* **DATASET**
- Opening Delimiter -
lemma regular_vimage_map_filter:
  assumes "regular L"
  shows "regular ((\<lambda>w. map f (filter P w)) -` L)"
proof -
  let ?h = "\<lambda>w. map f (filter P w)"
  have "range (\<lambda>u. lquot u (?h -` L)) \<subseteq> (\<lambda>K. ?h -` K) ` range (\<lambda>u. lquot u L)"
  proof
    fix K assume "K \<in> range (\<lambda>u. lquot u (?h -` L))"
    then obtain u where "K = lquot u (?h -` L)" by blast
    then have "K = ?h -` lquot (?h u) L" by (auto simp: lquot_def)
    then show "K \<in> (\<lambda>K. ?h -` K) ` range (\<lambda>u. lquot u L)" by blast
  qed
  with assms show ?thesis
    unfolding regular_def by (meson finite_imageI finite_subset)
qed

lemma filter_eq_appendD:
  "filter P xs = ys @ zs \<Longrightarrow> \<exists>us vs. xs = us @ vs \<and> filter P us = ys \<and> filter P vs = zs"
proof (induction xs arbitrary: ys)
  case (Cons x xs)
  show ?case
  proof (cases "ys = []")
    case True
    with Cons.prems show ?thesis by (intro exI[of _ "[]"] exI[of _ "x # xs"]) simp
  next
    case False
    show ?thesis
    proof (cases "P x")
      case True
      with Cons.prems False obtain ys' where "ys = x # ys'" "filter P xs = ys' @ zs"
        by (cases ys) auto
      with Cons.IH[of ys'] True show ?thesis
        by (metis append_Cons filter.simps(2))
    next
      case False
      with Cons.prems Cons.IH[of ys] show ?thesis
        by (metis append_Cons filter.simps(2))
    qed
  qed
qed simp

lemma regular_image_map_filter:
  assumes "regular L"
  shows "regular ((\<lambda>w. map f (filter P w)) ` L)"
proof -
  let ?h = "\<lambda>w. map f (filter P w)"
  have split: "\<exists>m1 m2. m = m1 @ m2 \<and> ?h m1 = u \<and> ?h m2 = w" if hm: "?h m = u @ w" for m u w
  proof -
    obtain u' w' where "filter P m = u' @ w'" "u = map f u'" "w = map f w'"
      using map_eq_append_conv[THEN iffD1, OF hm] by blast
    then show ?thesis
      using filter_eq_appendD[of P m u' w'] by auto
  qed
  have "lquot u (?h ` L) = (\<Union>K\<in>{lquot m L |m. ?h m = u}. ?h ` K)" for u
  proof
    show "lquot u (?h ` L) \<subseteq> (\<Union>K\<in>{lquot m L |m. ?h m = u}. ?h ` K)"
    proof
      fix w assume "w \<in> lquot u (?h ` L)"
      then obtain m where "m \<in> L" "?h m = u @ w" by (auto simp: lquot_def)
      moreover from split[OF this(2)] obtain m1 m2 where "m = m1 @ m2" "?h m1 = u" "?h m2 = w"
        by blast
      ultimately show "w \<in> (\<Union>K\<in>{lquot m L |m. ?h m = u}. ?h ` K)"
        by (auto simp: lquot_def)
    qed
    show "(\<Union>K\<in>{lquot m L |m. ?h m = u}. ?h ` K) \<subseteq> lquot u (?h ` L)"
      by (auto simp: lquot_def intro!: image_eqI[where x = "_ @ _"])
  qed
  then have "range (\<lambda>u. lquot u (?h ` L)) \<subseteq> (\<lambda>S. \<Union>K\<in>S. ?h ` K) ` Pow (range (\<lambda>u. lquot u L))"
    by blast
  with assms show ?thesis
    unfolding regular_def by (meson finite_Pow_iff finite_imageI finite_subset)
qed

section \<open>Words of assignments\<close>

type_synonym letter = "bool \<times> nat set"

text \<open>The point \<open>0 = bot\<close> always belongs to the word, flagged in the first component of its
  letter. So every word starts with the letter of \<open>0\<close>, the constant \<open>c\<^sub>0\<close> is read off letter by
  letter, and runs of automata can be started at \<open>c\<^sub>0\<close>.\<close>

definition points :: "nat set \<Rightarrow> (nat \<Rightarrow> 'a::order_bot set) \<Rightarrow> 'a set" where
  "points V \<sigma> = insert bot (\<Union>x\<in>V. \<sigma> x)"

definition letter_at :: "nat set \<Rightarrow> (nat \<Rightarrow> 'a::order_bot set) \<Rightarrow> 'a \<Rightarrow> letter" where
  "letter_at V \<sigma> p = (p = bot, {x \<in> V. p \<in> \<sigma> x})"

definition word :: "nat set \<Rightarrow> (nat \<Rightarrow> 'a::{linorder,order_bot} set) \<Rightarrow> letter list" where
  "word V \<sigma> = map (letter_at V \<sigma>) (sorted_list_of_set (points V \<sigma>))"

abbreviation finite_assignment :: "(nat \<Rightarrow> 'a set) \<Rightarrow> bool" where
  "finite_assignment \<sigma> \<equiv> \<forall>n. finite (\<sigma> n)"

definition restrict_word :: "nat set \<Rightarrow> letter list \<Rightarrow> letter list" where
  "restrict_word W w = map (\<lambda>a. (fst a, snd a \<inter> W)) (filter (\<lambda>a. fst a \<or> snd a \<inter> W \<noteq> {}) w)"

lemma finite_points: "finite V \<Longrightarrow> finite_assignment \<sigma> \<Longrightarrow> finite (points V \<sigma>)"
  by (simp add: points_def)

lemma Min_points: "finite V \<Longrightarrow> finite_assignment \<sigma> \<Longrightarrow> Min (points V \<sigma>) = bot"
  by (intro Min_eqI) (auto simp: finite_points points_def)

lemma subset_points: "x \<in> V \<Longrightarrow> \<sigma> x \<subseteq> points V \<sigma>"
  by (auto simp: points_def)

lemma mem_letter_at: "x \<in> V \<Longrightarrow> x \<in> snd (letter_at V \<sigma> p) \<longleftrightarrow> p \<in> \<sigma> x"
  by (simp add: letter_at_def)

lemma sorted_list_of_set_sorted: "sorted_wrt (<) xs \<Longrightarrow> sorted_list_of_set (set xs) = xs"
  by (simp add: sorted_list_of_set.idem_if_sorted_distinct strict_sorted_iff)

lemma word_cong:
  assumes "\<And>x. x \<in> V \<Longrightarrow> \<sigma> x = \<sigma>' x"
  shows "word V \<sigma> = word V \<sigma>'"
proof -
  have "points V \<sigma> = points V \<sigma>'" "letter_at V \<sigma> = letter_at V \<sigma>'"
    using assms by (auto simp: points_def letter_at_def fun_eq_iff)
  then show ?thesis
    by (simp add: word_def)
qed

lemma set_word: "finite V \<Longrightarrow> finite_assignment \<sigma> \<Longrightarrow> set (word V \<sigma>) = letter_at V \<sigma> ` points V \<sigma>"
  by (simp add: word_def finite_points)

lemma restrict_word_word:
  assumes "W \<subseteq> V" "finite V" "finite_assignment \<sigma>"
  shows "restrict_word W (word V \<sigma>) = word W \<sigma>"
proof -
  let ?ps = "sorted_list_of_set (points V \<sigma>)"
  have "points W \<sigma> \<subseteq> points V \<sigma>"
    using assms(1) by (auto simp: points_def)
  then have "set (filter (\<lambda>p. p \<in> points W \<sigma>) ?ps) = points W \<sigma>"
    by (auto simp: finite_points assms(2,3))
  then have "sorted_list_of_set (points W \<sigma>) = filter (\<lambda>p. p \<in> points W \<sigma>) ?ps"
    using sorted_list_of_set_sorted[of "filter (\<lambda>p. p \<in> points W \<sigma>) ?ps"]
    by (simp add: sorted_wrt_filter)
  moreover have "(fst (letter_at V \<sigma> p) \<or> snd (letter_at V \<sigma> p) \<inter> W \<noteq> {}) \<longleftrightarrow> p \<in> points W \<sigma>"
    and "(fst (letter_at V \<sigma> p), snd (letter_at V \<sigma> p) \<inter> W) = letter_at W \<sigma> p" for p
    using assms(1) by (auto simp: letter_at_def points_def)
  ultimately show ?thesis
    by (simp add: restrict_word_def word_def filter_map comp_def)
qed

section \<open>Recognizable relations\<close>

definition recognizable :: "nat set \<Rightarrow> ((nat \<Rightarrow> 'a::{linorder,order_bot} set) \<Rightarrow> bool) \<Rightarrow> bool" where
  "recognizable V P \<longleftrightarrow> finite V \<and>
     (\<exists>L. regular L \<and> (\<forall>\<sigma>. finite_assignment \<sigma> \<longrightarrow> P \<sigma> \<longleftrightarrow> word V \<sigma> \<in> L))"

lemma recognizableI:
  "finite V \<Longrightarrow> regular L \<Longrightarrow> (\<And>\<sigma>. finite_assignment \<sigma> \<Longrightarrow> P \<sigma> \<longleftrightarrow> word V \<sigma> \<in> L) \<Longrightarrow> recognizable V P"
  unfolding recognizable_def by blast

lemma recognizable_finite: "recognizable V P \<Longrightarrow> finite V"
  by (simp add: recognizable_def)

lemma recognizable_cong:
  "recognizable V P \<Longrightarrow> (\<And>\<sigma>. finite_assignment \<sigma> \<Longrightarrow> P \<sigma> \<longleftrightarrow> Q \<sigma>) \<Longrightarrow> recognizable V Q"
  unfolding recognizable_def by blast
- Closing Delimiter -
* **YOUR INSTRUCTIONS**
Please work out how many lines above carry "True", writing only the result.

* **SOLUTION FOR THIS TASK**
3